Authors: Manuel Cáceres, Brendan Mumey, Santeri Toivonen, and Alexandru I. Tomescu

Published in: LIPIcs, Volume 301, 22nd International Symposium on Experimental Algorithms (SEA 2024)

Abstract
Computing a minimum path cover (MPC) of a directed acyclic graph (DAG) is a fundamental problem with a myriad of applications, including reachability. Although it is known how to solve the problem by a simple reduction to minimum flow, recent theoretical advances exploit this idea to obtain algorithms parameterized by the number of paths of an MPC, known as the width. These results obtain fast [Mäkinen et al., TALG 2019] and even linear time [Cáceres et al., SODA 2022] algorithms in the small-width regime. In this paper, we present the first publicly available high-performance implementation of state-of-the-art MPC algorithms, including the parameterized approaches.
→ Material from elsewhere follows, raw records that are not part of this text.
(* Let $F\subset\mathbb R^d$ be a bounded set with Minkowski dimension $s$ whose Minkowski content $\mathcal M(F)=\lim_{\varepsilon\searrow0}\varepsilon^{s-d}\mathrm{vol}_d(F_\varepsilon)\in(0,\infty)$ exists. Let $\varepsilon_1>\varepsilon_2>\dots>0$, $x_j=-\log\varepsilon_j$, and suppose $y_{j}=\log\mathcal M(F)+s\,x_j+\delta_j$, $j\in\mathbb N$, where the $\delta_j$ have mean zero, finite positive variance, and covariance matrices $Q_n$ of $(\delta_1,\dots,\delta_n)$ satisfying $0<\inf_n\nu_{\min}(Q_n)\le\sup_n\nu_{\max}(Q_n)<\infty$. Suppose $\widetilde S_n^2=\Theta(n^\gamma)$ and $\bar x_n=O(n^{\mu/2})$ for constants $\gamma,\mu\ge0$ with $\alpha:=1-\max\{\gamma,\mu\}-2\max\{0,\mu-\gamma\}>0$. Let $(\hat\beta^{(n)},\hat s^{(n)})$ minimize $\sum_{j=1}^n(y_j-\beta-sx_j)^2$ and $\hat{\mathcal M}^{(n)}=\exp(\hat\beta^{(n)})$. Then for every $\varepsilon>0$, $P(|\hat s^{(n)}-s|>\varepsilon)=O(n^{-\alpha})$ and $P(|\hat{\mathcal M}^{(n)}-\mathcal M(F)|>\varepsilon)=O(n^{-\alpha})$ as $n\to\infty$.
   Context: $F_\varepsilon=\{x:\operatorname{dist}(x,F)\le\varepsilon\}$; the observations are intended as $y_j=\log(\varepsilon_j^{-d}\mathrm{vol}_d(F_{\varepsilon_j}))$. $\bar x_n=\frac1n\sum_{i\le n}x_i$, $\widetilde S_n^2=\frac1n\sum_{i\le n}(x_i-\bar x_n)^2$; $\nu_{\min},\nu_{\max}$ are extreme eigenvalues; $\Theta$ means bounded above and below by positive constant multiples eventually. *)

theory Defs
  imports "HOL-Probability.Probability" "HOL-Library.Landau_Symbols"
    "Jordan_Normal_Form.Char_Poly"
begin

definition nbhd :: "'a::euclidean_space set \<Rightarrow> real \<Rightarrow> 'a set" where
  "nbhd F e = {x. infdist x F \<le> e}"

definition vol :: "'a::euclidean_space set \<Rightarrow> real" where
  "vol A = measure lebesgue A"

definition minkowski_dim :: "'a::euclidean_space set \<Rightarrow> real \<Rightarrow> bool" where
  "minkowski_dim F s \<longleftrightarrow>
     ((\<lambda>e. ln (vol (nbhd F e)) / ln e) \<longlongrightarrow> real DIM('a) - s) (at_right 0)"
Our experiments on random DAGs show that parameterized algorithms are orders-of-magnitude faster on dense graphs. Additionally, we present new fast pre-processing heuristics based on transitive edge sparsification. We show that our heuristics improve MPC-solvers by orders of magnitude.
Cite as

Manuel Cáceres, Brendan Mumey, Santeri Toivonen, and Alexandru I. Tomescu. Practical Minimum Path Cover. In 22nd International Symposium on Experimental Algorithms (SEA 2024). Leibniz International Proceedings in Informatics (LIPIcs), Volume 301, pp. 3:1-3:19, Schloss Dagstuhl – Leibniz-Zentrum für Informatik (2024)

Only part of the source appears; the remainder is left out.